> _Description of the task_
Give back the entries exactly, ending with the "by (meson bounded_cball" line.

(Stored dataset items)
--*--

lemma Jack_lemma:
  fixes v w :: "complex \<Rightarrow> complex"
  assumes W: "(w has_field_derivative W) (at z0)"
    and r: "r > 0" and z0: "norm z0 = r" and w0: "norm (w z0) = 1"
    and v: "v holomorphic_on ball 0 r" "continuous_on (cball 0 r) v"
    and wv: "\<And>z. z \<in> cball 0 r \<Longrightarrow> w z = z ^ n * v z"
    and le1: "\<And>z. z \<in> cball 0 r \<Longrightarrow> norm (w z) \<le> 1"
  obtains m where "m \<ge> real n" and "z0 * W / w z0 = of_real m"
proof
  show "Re (z0 * W / w z0) \<ge> real n"
  proof (rule radial_bound_imp_Re_log_deriv_ge[OF W w0])
    fix t :: real
    assume t: "0 \<le> t" "t \<le> 1"
    then have "of_real t * z0 \<in> cball 0 r"
      using z0 r by (simp add: norm_mult mult_left_le_one_le)
    from Schwarz_power_bound[OF r v wv le1 this]
    show "norm (w (of_real t * z0)) \<le> t ^ n"
      using t z0 r by (simp add: norm_mult)
  qed
  have "Im (z0 * W / w z0) = 0"
    by (rule boundary_max_imp_Im_log_deriv_eq_0[OF W w0]) (use le1 z0 in auto)
  then show "z0 * W / w z0 = of_real (Re (z0 * W / w z0))"
    by (simp add: complex_eq_iff)
qed

lemma obtain_minimal_radius_of_level:
  fixes f :: "'a::euclidean_space \<Rightarrow> real"
  assumes f: "continuous_on (ball 0 R) f" and f0: "d < f 0"
    and z: "z \<in> ball 0 R" "f z \<le> d"
  obtains r z0 where "0 < r" "r \<le> norm z" "norm z0 = r" "f z0 = d"
    and "\<And>u. u \<in> cball 0 r \<Longrightarrow> d \<le> f u"
proof -
  define S where "S = {u \<in> cball 0 (norm z). f u \<le> d}"
  have "cball 0 (norm z) \<subseteq> ball 0 R"
    using z by auto
  then have "closed S"
    unfolding S_def using f by (intro continuous_on_closed_Collect_le) (auto intro: continuous_on_subset)
  moreover have "S \<subseteq> cball 0 (norm z)"
    by (auto simp: S_def)
  ultimately have "compact S"
    by (meson bounded_cball bounded_subset compact_eq_bounded_closed)
  moreover have "z \<in> S"
    using z by (simp add: S_def)
  ultimately obtain z0 where z0: "z0 \<in> S" and min: "\<And>u. u \<in> S \<Longrightarrow> norm z0 \<le> norm u"
    using compact_attains_inf[of "norm ` S"] compact_continuous_image[OF continuous_on_norm_id]
    by (metis (no_types, lifting) empty_iff image_iff image_is_empty)
  define r where "r = norm z0"
  have "z0 \<noteq> 0"
    using z0 f0 by (auto simp: S_def)
  then have r: "0 < r" "r \<le> norm z"
    using z0 by (auto simp: r_def S_def)
  then have sub: "cball 0 r \<subseteq> ball 0 R"
    using z by auto
  have "d \<le> f u" if "u \<in> ball 0 r" for u
  proof (rule ccontr)
    assume "\<not> d \<le> f u"
    then have "u \<in> S"
      using that r by (simp add: S_def)
    then show False
      using min that by (fastforce simp: r_def)
  qed
  then have ge: "d \<le> f u" if "u \<in> cball 0 r" for u
    using continuous_ge_on_closure[of "ball 0 r" f u d] continuous_on_subset[OF f sub] that r
    by auto
  show ?thesis
  proof
    show "f z0 = d"
      using ge[of z0] z0 by (simp add: S_def r_def)
  qed (use r ge in \<open>auto simp: r_def\<close>)
qed

lemma norm_diff_one_le_iff_Re_ge:
  fixes x :: complex and d :: real
  assumes "d < 1"
  shows "norm (x - 1) \<le> norm (x + 1 - 2 * of_real d) \<longleftrightarrow> d \<le> Re x"
proof -
  have "(norm (x + 1 - 2 * of_real d))\<^sup>2 - (norm (x - 1))\<^sup>2 = 4 * (Re x - d) * (1 - d)"
    unfolding cmod_power2 by (simp add: power2_eq_square algebra_simps)
  moreover have "norm (x - 1) \<le> norm (x + 1 - 2 * of_real d) \<longleftrightarrow>
      0 \<le> (norm (x + 1 - 2 * of_real d))\<^sup>2 - (norm (x - 1))\<^sup>2"
    using abs_le_square_iff[of "norm (x - 1)"] by simp
  ultimately show ?thesis
    using assms by (simp add: zero_le_mult_iff)
qed

lemma norm_diff_one_eq_iff_Re_eq:
  fixes x :: complex and d :: real
  assumes "d \<noteq> 1"
  shows "norm (x - 1) = norm (x + 1 - 2 * of_real d) \<longleftrightarrow> Re x = d"
proof -
  have "(norm (x + 1 - 2 * of_real d))\<^sup>2 - (norm (x - 1))\<^sup>2 = 4 * (Re x - d) * (1 - d)"
    unfolding cmod_power2 by (simp add: power2_eq_square algebra_simps)
  moreover have "norm (x - 1) = norm (x + 1 - 2 * of_real d) \<longleftrightarrow>
      (norm (x - 1))\<^sup>2 = (norm (x + 1 - 2 * of_real d))\<^sup>2"
    using power2_eq_iff_nonneg by (metis norm_ge_zero)
  ultimately show ?thesis
    using assms by auto
qed

lemma halfplane_to_disc_denom_nonzero:
  fixes x :: complex and d :: real
  assumes "d < 1" and "d \<le> Re x"
  shows "x + 1 - 2 * of_real d \<noteq> 0"
proof
  assume "x + 1 - 2 * of_real d = 0"
  then have "Re (x + 1 - 2 * of_real d) = 0"
    by simp
  then show False
    using assms by simp
qed

lemma has_field_derivative_halfplane_to_disc:
  fixes g :: "complex \<Rightarrow> complex" and d :: real
  assumes "(g has_field_derivative G') (at z)" and "g z + 1 - 2 * of_real d \<noteq> 0"
  shows "((\<lambda>u. (g u - 1) / (g u + 1 - 2 * of_real d)) has_field_derivative
      (2 - 2 * of_real d) * G' / (g z + 1 - 2 * of_real d)\<^sup>2) (at z)"
  using assms
  by (auto intro!: derivative_eq_intros simp: power2_eq_square field_simps)

lemma varsigma1_eq_varsigma1_1:
  assumes "p > 0"
  shows "varsigma1 n p \<delta> = varsigma1 n 1 (\<delta> * real p)"
proof -
  have "\<delta> \<le> 1 / (2 * real p) \<longleftrightarrow> \<delta> * real p \<le> 1 / 2"
    using assms by (simp add: field_simps)
  then show ?thesis
    by (simp add: varsigma1_def mult.assoc)
qed

text \<open>The expression below is the value of \<open>z\<^sub>0 g'(z\<^sub>0) / g(z\<^sub>0)\<close> delivered by
  \<open>Jack_lemma_at_level\<close> at a point with \<open>Re g(z\<^sub>0) = d\<close>.\<close>

lemma Re_Jack_expression_eq:
  fixes d y m :: real
  defines "g0 \<equiv> Complex d y"
  assumes "g0 \<noteq> 0" and "d \<noteq> 1"
  shows "Re (of_real m * (g0 - 1) * (g0 + 1 - 2 * of_real d) / ((2 - 2 * of_real d) * g0))
    = - (m * d * (((1 - d)\<^sup>2 + y\<^sup>2) / (d\<^sup>2 + y\<^sup>2))) / (2 * (1 - d))"
proof -
  define s where "s = d\<^sup>2 + y\<^sup>2"
  define q where "q = ((1 - d)\<^sup>2 + y\<^sup>2) / s"
  have s: "s > 0"
    using assms unfolding s_def by (auto simp: sum_power2_gt_zero_iff complex_eq_iff)
  have "of_real m * (g0 - 1) * (g0 + 1 - 2 * of_real d) = of_real (- m * ((1 - d)\<^sup>2 + y\<^sup>2))"
    unfolding g0_def by (simp add: complex_eq_iff power2_eq_square algebra_simps)
  also have "(1 - d)\<^sup>2 + y\<^sup>2 = q * s"
    using s by (simp add: q_def)
  finally have "of_real m * (g0 - 1) * (g0 + 1 - 2 * of_real d) = of_real (- m * q * s)"
    by (simp add: mult.assoc)
  moreover have "(2 - 2 * of_real d) * g0 = of_real (2 * (1 - d)) * g0"
    by simp
  moreover have "Re (of_real (- m * q * s) / (of_real (2 * (1 - d)) * g0))
      = - (m * q * s) * (2 * (1 - d) * d) / ((2 * (1 - d))\<^sup>2 * s)"
    unfolding g0_def s_def by (simp add: Re_divide power2_eq_square algebra_simps)
  ultimately show ?thesis
    using s assms by (simp add: power2_eq_square q_def s_def mult_ac)
qed

lemma Re_Jack_expression_le_varsigma1:
  fixes g0 :: complex and d m :: real
  assumes g0: "Re g0 = d" "g0 \<noteq> 0" and d: "0 \<le> d" "d < 1" and m: "m \<ge> real n"
  shows "Re (of_real m * (g0 - 1) * (g0 + 1 - 2 * of_real d) / ((2 - 2 * of_real d) * g0))
    \<le> varsigma1 n 1 d"
proof -
  define y where "y = Im g0"
  define s where "s = d\<^sup>2 + y\<^sup>2"
  define q where "q = ((1 - d)\<^sup>2 + y\<^sup>2) / s"
  have g0_eq: "g0 = Complex d y"
    using g0 by (simp add: y_def complex_eq_iff)
  have s: "s > 0"
    using g0 unfolding g0_eq s_def by (auto simp: sum_power2_gt_zero_iff complex_eq_iff)
  have R: "Re (of_real m * (g0 - 1) * (g0 + 1 - 2 * of_real d) / ((2 - 2 * of_real d) * g0))
      = - (m * d * q) / (2 * (1 - d))"
    using Re_Jack_expression_eq[of d y m] g0 d unfolding g0_eq q_def s_def by simp
  show ?thesis
  proof (cases "d \<le> 1 / 2")
    case True
    then have "q \<ge> 1"
      using s d by (simp add: q_def s_def power2_eq_square field_simps)
    have "real n * d \<le> m * d"
      using m d by (simp add: mult_right_mono)
    also have "\<dots> \<le> m * d * q"
      using \<open>q \<ge> 1\<close> m d mult_left_mono[of 1 q "m * d"] by simp
    finally show ?thesis
      using True d unfolding R by (simp add: varsigma1_def divide_right_mono)
  next
    case False
    have "q * d\<^sup>2 - (1 - d)\<^sup>2 = y\<^sup>2 * (2 * d - 1) / s"
      using s by (simp add: q_def field_simps) (simp add: s_def power2_eq_square algebra_simps)
    also have "\<dots> \<ge> 0"
      using False s by simp
    finally have "q * d\<^sup>2 \<ge> (1 - d)\<^sup>2"
      by simp
    then have "real n * (1 - d)\<^sup>2 \<le> m * (q * d\<^sup>2)"
      using m by (intro mult_mono) auto
    then have "real n * (1 - d)\<^sup>2 / d \<le> m * d * q"
      using False by (simp add: pos_divide_le_eq power2_eq_square mult_ac)
    then have "real n * (1 - d)\<^sup>2 / d / (2 * (1 - d)) \<le> m * d * q / (2 * (1 - d))"
      by (rule divide_right_mono) (use d in simp)
    moreover have "real n * (1 - d)\<^sup>2 / d / (2 * (1 - d)) = real n * (1 - d) / (2 * d)"
      using d False by (simp add: power2_eq_square divide_simps)
    ultimately show ?thesis
      using False unfolding R by (simp add: varsigma1_def)
  qed
qed

lemma Jack_lemma_at_level:
  fixes g h :: "complex \<Rightarrow> complex" and d :: real
  assumes S: "open S" "cball 0 r \<subseteq> S" and r: "r > 0"
    and g: "g holomorphic_on S" and h: "h holomorphic_on S"
    and gh: "\<And>z. z \<in> S \<Longrightarrow> g z - 1 = z ^ n * h z"
    and d: "d < 1" and ge: "\<And>u. u \<in> cball 0 r \<Longrightarrow> d \<le> Re (g u)"
    and z0: "norm z0 = r" "Re (g z0) = d"
  obtains m where "m \<ge> real n"
    and "(2 - 2 * of_real d) * (z0 * deriv g z0) = of_real m * (g z0 - 1) * (g z0 + 1 - 2 * of_real d)"
proof -
  define D where "D u = g u + 1 - 2 * of_real d" for u
  have D_nz: "D u \<noteq> 0" if "u \<in> cball 0 r" for u
    using halfplane_to_disc_denom_nonzero[OF d ge[OF that]] by (simp add: D_def)
  define w where "w u = (g u - 1) / D u" for u
  define v where "v u = h u / D u" for u
  define G' where "G' = deriv g z0"
  have "(g has_field_derivative G') (at z0)"
    unfolding G'_def using holomorphic_derivI[OF g S(1)] S(2) z0 by auto
  then have W: "(w has_field_derivative (2 - 2 * of_real d) * G' / (D z0)\<^sup>2) (at z0)"
    unfolding w_def[abs_def] D_def using has_field_derivative_halfplane_to_disc D_nz[of z0] z0 D_def
    by auto
  have w0: "norm (w z0) = 1"
    using norm_diff_one_eq_iff_Re_eq[of d "g z0"] z0 d D_nz[of z0] by (simp add: w_def D_def norm_divide)
  have le1: "norm (w u) \<le> 1" if "u \<in> cball 0 r" for u
    using norm_diff_one_le_iff_Re_ge[of d "g u"] ge[OF that] d D_nz[OF that]
    by (simp add: w_def D_def norm_divide divide_le_eq_1)
  have v: "v holomorphic_on cball 0 r"
    unfolding v_def[abs_def] D_def using D_nz S(2)
    by (auto simp: D_def intro!: holomorphic_intros holomorphic_on_subset[OF g] holomorphic_on_subset[OF h])
  have wv: "w u = u ^ n * v u" if "u \<in> cball 0 r" for u
    using gh[of u] that S(2) by (auto simp: w_def v_def)
  obtain m where m: "m \<ge> real n"
    and Jack: "z0 * ((2 - 2 * of_real d) * G' / (D z0)\<^sup>2) / w z0 = of_real m"
    using Jack_lemma[OF W r z0(1) w0 holomorphic_on_subset[OF v ball_subset_cball]
        holomorphic_on_imp_continuous_on[OF v] wv le1] by blast
  have "g z0 \<noteq> 1" "D z0 \<noteq> 0"
    using w0 D_nz[of z0] z0 by (auto simp: w_def)
  have "z0 * ((2 - 2 * of_real d) * G' / (D z0)\<^sup>2) / w z0
      = (2 - 2 * of_real d) * (z0 * G') / ((g z0 - 1) * D z0)"
    by (simp add: w_def power2_eq_square mult_ac)
  with Jack have "(2 - 2 * of_real d) * (z0 * G') / ((g z0 - 1) * D z0) = of_real m"
    by simp
  with \<open>g z0 \<noteq> 1\<close> \<open>D z0 \<noteq> 0\<close>
  have "(2 - 2 * of_real d) * (z0 * G') = of_real m * (g z0 - 1) * D z0"
    by (simp add: divide_eq_eq mult_ac)
  with m show ?thesis
    using that by (simp add: G'_def D_def)
qed

lemma Re_gt_if_Re_log_deriv_gt_varsigma1:
  fixes g h :: "complex \<Rightarrow> complex" and d :: real
  assumes n: "n \<ge> 1"
    and g: "g holomorphic_on ball 0 1" and h: "h holomorphic_on ball 0 1"
    and gh: "\<And>z. z \<in> ball 0 1 \<Longrightarrow> g z - 1 = z ^ n * h z"
    and g_nz: "\<And>z. z \<in> ball 0 1 - {0} \<Longrightarrow> g z \<noteq> 0"
    and d: "0 \<le> d" "d < 1"
    and hyp: "\<And>z. z \<in> ball 0 1 - {0} \<Longrightarrow> Re (z * deriv g z / g z) > varsigma1 n 1 d"
    and z: "z \<in> ball 0 1"
  shows "Re (g z) > d"
proof (rule ccontr)
  have "g 0 = 1"
    using gh[of 0] n by (simp add: power_0_left)
  assume "\<not> Re (g z) > d"
  moreover have "Re (g 0) > d"
    using \<open>g 0 = 1\<close> d by simp
  moreover have "continuous_on (ball 0 1) (\<lambda>u. Re (g u))"
    using g by (intro continuous_intros holomorphic_on_imp_continuous_on)
  ultimately obtain r z0 where r: "0 < r" "r \<le> norm z" and z0: "norm z0 = r" "Re (g z0) = d"
    and ge: "\<And>u. u \<in> cball 0 r \<Longrightarrow> d \<le> Re (g u)"
    using obtain_minimal_radius_of_level[of 1 "\<lambda>u. Re (g u)" d z] z by auto
  have "cball 0 r \<subseteq> ball 0 1"
    using r z by auto
  then obtain m where m: "m \<ge> real n"
    and eq: "(2 - 2 * of_real d) * (z0 * deriv g z0) = of_real m * (g z0 - 1) * (g z0 + 1 - 2 * of_real d)"
    using Jack_lemma_at_level[OF open_ball _ r(1) g h gh d(2) ge z0] by blast
  have z0_in: "z0 \<in> ball 0 1 - {0}"
    using z0 r z by auto
  have "(2 - 2 * of_real d :: complex) \<noteq> 0"
    using d by (simp add: complex_eq_iff)
  then have "z0 * deriv g z0 / g z0 = (2 - 2 * of_real d) * (z0 * deriv g z0) / ((2 - 2 * of_real d) * g z0)"
    by simp
  also have "\<dots> = of_real m * (g z0 - 1) * (g z0 + 1 - 2 * of_real d) / ((2 - 2 * of_real d) * g z0)"
    unfolding eq ..
  finally have "z0 * deriv g z0 / g z0
      = of_real m * (g z0 - 1) * (g z0 + 1 - 2 * of_real d) / ((2 - 2 * of_real d) * g z0)" .
  then have "Re (z0 * deriv g z0 / g z0) \<le> varsigma1 n 1 d"
    using Re_Jack_expression_le_varsigma1[OF z0(2) g_nz[OF z0_in] d m] by simp
  then show False
    using hyp[OF z0_in] by simp
qed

--*--

> _Response to this exercise_
lemma Jack_lemma:
  fixes v w :: "complex \<Rightarrow> complex"
  assumes W: "(w has_field_derivative W) (at z0)"
    and r: "r > 0" and z0: "norm z0 = r" and w0: "norm (w z0) = 1"
    and v: "v holomorphic_on ball 0 r" "continuous_on (cball 0 r) v"
    and wv: "\<And>z. z \<in> cball 0 r \<Longrightarrow> w z = z ^ n * v z"
    and le1: "\<And>z. z \<in> cball 0 r \<Longrightarrow> norm (w z) \<le> 1"
  obtains m where "m \<ge> real n" and "z0 * W / w z0 = of_real m"
proof
  show "Re (z0 * W / w z0) \<ge> real n"
  proof (rule radial_bound_imp_Re_log_deriv_ge[OF W w0])
    fix t :: real
    assume t: "0 \<le> t" "t \<le> 1"
    then have "of_real t * z0 \<in> cball 0 r"
      using z0 r by (simp add: norm_mult mult_left_le_one_le)
    from Schwarz_power_bound[OF r v wv le1 this]
    show "norm (w (of_real t * z0)) \<le> t ^ n"
      using t z0 r by (simp add: norm_mult)
  qed
  have "Im (z0 * W / w z0) = 0"
    by (rule boundary_max_imp_Im_log_deriv_eq_0[OF W w0]) (use le1 z0 in auto)
  then show "z0 * W / w z0 = of_real (Re (z0 * W / w z0))"
    by (simp add: complex_eq_iff)
qed

lemma obtain_minimal_radius_of_level:
  fixes f :: "'a::euclidean_space \<Rightarrow> real"
  assumes f: "continuous_on (ball 0 R) f" and f0: "d < f 0"
    and z: "z \<in> ball 0 R" "f z \<le> d"
  obtains r z0 where "0 < r" "r \<le> norm z" "norm z0 = r" "f z0 = d"
    and "\<And>u. u \<in> cball 0 r \<Longrightarrow> d \<le> f u"
proof -
  define S where "S = {u \<in> cball 0 (norm z). f u \<le> d}"
  have "cball 0 (norm z) \<subseteq> ball 0 R"
    using z by auto
  then have "closed S"
    unfolding S_def using f by (intro continuous_on_closed_Collect_le) (auto intro: continuous_on_subset)
  moreover have "S \<subseteq> cball 0 (norm z)"
    by (auto simp: S_def)
  ultimately have "compact S"
    by (meson bounded_cball bounded_subset compact_eq_bounded_closed)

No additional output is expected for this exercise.